### WHAT YOU SHOULD DO
Show all lines from the records below in which the string "gamma" is present.

### INPUT
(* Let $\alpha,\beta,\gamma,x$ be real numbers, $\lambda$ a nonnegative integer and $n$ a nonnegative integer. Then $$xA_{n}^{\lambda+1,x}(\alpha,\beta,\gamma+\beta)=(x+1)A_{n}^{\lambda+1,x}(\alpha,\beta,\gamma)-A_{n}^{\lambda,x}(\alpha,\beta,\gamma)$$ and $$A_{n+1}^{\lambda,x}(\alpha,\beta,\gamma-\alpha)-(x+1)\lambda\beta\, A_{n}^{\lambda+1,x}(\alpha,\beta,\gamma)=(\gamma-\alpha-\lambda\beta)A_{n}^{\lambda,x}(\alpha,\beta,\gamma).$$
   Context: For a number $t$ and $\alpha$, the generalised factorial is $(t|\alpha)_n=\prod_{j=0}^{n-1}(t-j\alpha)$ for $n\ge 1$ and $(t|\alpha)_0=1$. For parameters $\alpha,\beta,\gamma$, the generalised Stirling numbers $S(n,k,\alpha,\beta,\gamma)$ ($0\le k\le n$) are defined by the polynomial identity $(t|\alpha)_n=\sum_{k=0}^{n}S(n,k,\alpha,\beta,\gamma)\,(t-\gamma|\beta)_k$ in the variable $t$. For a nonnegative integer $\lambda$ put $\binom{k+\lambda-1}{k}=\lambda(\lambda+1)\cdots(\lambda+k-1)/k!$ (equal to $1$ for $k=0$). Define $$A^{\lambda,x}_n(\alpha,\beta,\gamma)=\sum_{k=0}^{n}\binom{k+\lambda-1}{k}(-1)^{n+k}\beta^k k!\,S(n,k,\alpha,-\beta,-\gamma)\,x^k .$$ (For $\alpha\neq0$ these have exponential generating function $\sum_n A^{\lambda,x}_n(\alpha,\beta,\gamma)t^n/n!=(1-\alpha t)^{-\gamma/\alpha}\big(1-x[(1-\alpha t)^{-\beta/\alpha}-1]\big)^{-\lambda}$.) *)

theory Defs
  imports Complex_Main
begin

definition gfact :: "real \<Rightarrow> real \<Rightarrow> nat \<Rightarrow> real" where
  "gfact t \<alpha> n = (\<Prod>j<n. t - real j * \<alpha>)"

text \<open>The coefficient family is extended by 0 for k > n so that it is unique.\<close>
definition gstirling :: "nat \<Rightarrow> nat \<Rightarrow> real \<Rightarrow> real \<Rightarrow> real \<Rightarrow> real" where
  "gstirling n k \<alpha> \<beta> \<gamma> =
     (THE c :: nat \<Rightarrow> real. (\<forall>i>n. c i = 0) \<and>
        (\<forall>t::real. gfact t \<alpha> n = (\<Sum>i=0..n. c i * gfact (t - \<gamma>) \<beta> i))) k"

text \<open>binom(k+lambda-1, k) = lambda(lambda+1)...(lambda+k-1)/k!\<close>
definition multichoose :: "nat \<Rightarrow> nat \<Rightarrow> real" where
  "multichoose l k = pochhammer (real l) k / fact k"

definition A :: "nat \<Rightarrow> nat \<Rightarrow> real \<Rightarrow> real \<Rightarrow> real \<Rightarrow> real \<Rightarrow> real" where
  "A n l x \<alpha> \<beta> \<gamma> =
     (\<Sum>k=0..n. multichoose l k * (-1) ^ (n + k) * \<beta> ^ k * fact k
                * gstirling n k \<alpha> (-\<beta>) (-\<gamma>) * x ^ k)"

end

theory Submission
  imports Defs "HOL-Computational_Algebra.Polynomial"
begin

### RESPONSE FOR THIS EXERCISE
(* Let $\alpha,\beta,\gamma,x$ be real numbers, $\lambda$ a nonnegative integer and $n$ a nonnegative integer. Then $$xA_{n}^{\lambda+1,x}(\alpha,\beta,\gamma+\beta)=(x+1)A_{n}^{\lambda+1,x}(\alpha,\beta,\gamma)-A_{n}^{\lambda,x}(\alpha,\beta,\gamma)$$ and $$A_{n+1}^{\lambda,x}(\alpha,\beta,\gamma-\alpha)-(x+1)\lambda\beta\, A_{n}^{\lambda+1,x}(\alpha,\beta,\gamma)=(\gamma-\alpha-\lambda\beta)A_{n}^{\lambda,x}(\alpha,\beta,\gamma).$$
   Context: For a number $t$ and $\alpha$, the generalised factorial is $(t|\alpha)_n=\prod_{j=0}^{n-1}(t-j\alpha)$ for $n\ge 1$ and $(t|\alpha)_0=1$. For parameters $\alpha,\beta,\gamma$, the generalised Stirling numbers $S(n,k,\alpha,\beta,\gamma)$ ($0\le k\le n$) are defined by the polynomial identity $(t|\alpha)_n=\sum_{k=0}^{n}S(n,k,\alpha,\beta,\gamma)\,(t-\gamma|\beta)_k$ in the variable $t$. For a nonnegative integer $\lambda$ put $\binom{k+\lambda-1}{k}=\lambda(\lambda+1)\cdots(\lambda+k-1)/k!$ (equal to $1$ for $k=0$). Define $$A^{\lambda,x}_n(\alpha,\beta,\gamma)=\sum_{k=0}^{n}\binom{k+\lambda-1}{k}(-1)^{n+k}\beta^k k!\,S(n,k,\alpha,-\beta,-\gamma)\,x^k .$$ (For $\alpha\neq0$ these have exponential generating function $\sum_n A^{\lambda,x}_n(\alpha,\beta,\gamma)t^n/n!=(1-\alpha t)^{-\gamma/\alpha}\big(1-x[(1-\alpha t)^{-\beta/\alpha}-1]\big)^{-\lambda}$.) *)
  "gstirling n k \<alpha> \<beta> \<gamma> =
        (\<forall>t::real. gfact t \<alpha> n = (\<Sum>i=0..n. c i * gfact (t - \<gamma>) \<beta> i))) k"
  "A n l x \<alpha> \<beta> \<gamma> =
                * gstirling n k \<alpha> (-\<beta>) (-\<gamma>) * x ^ k)"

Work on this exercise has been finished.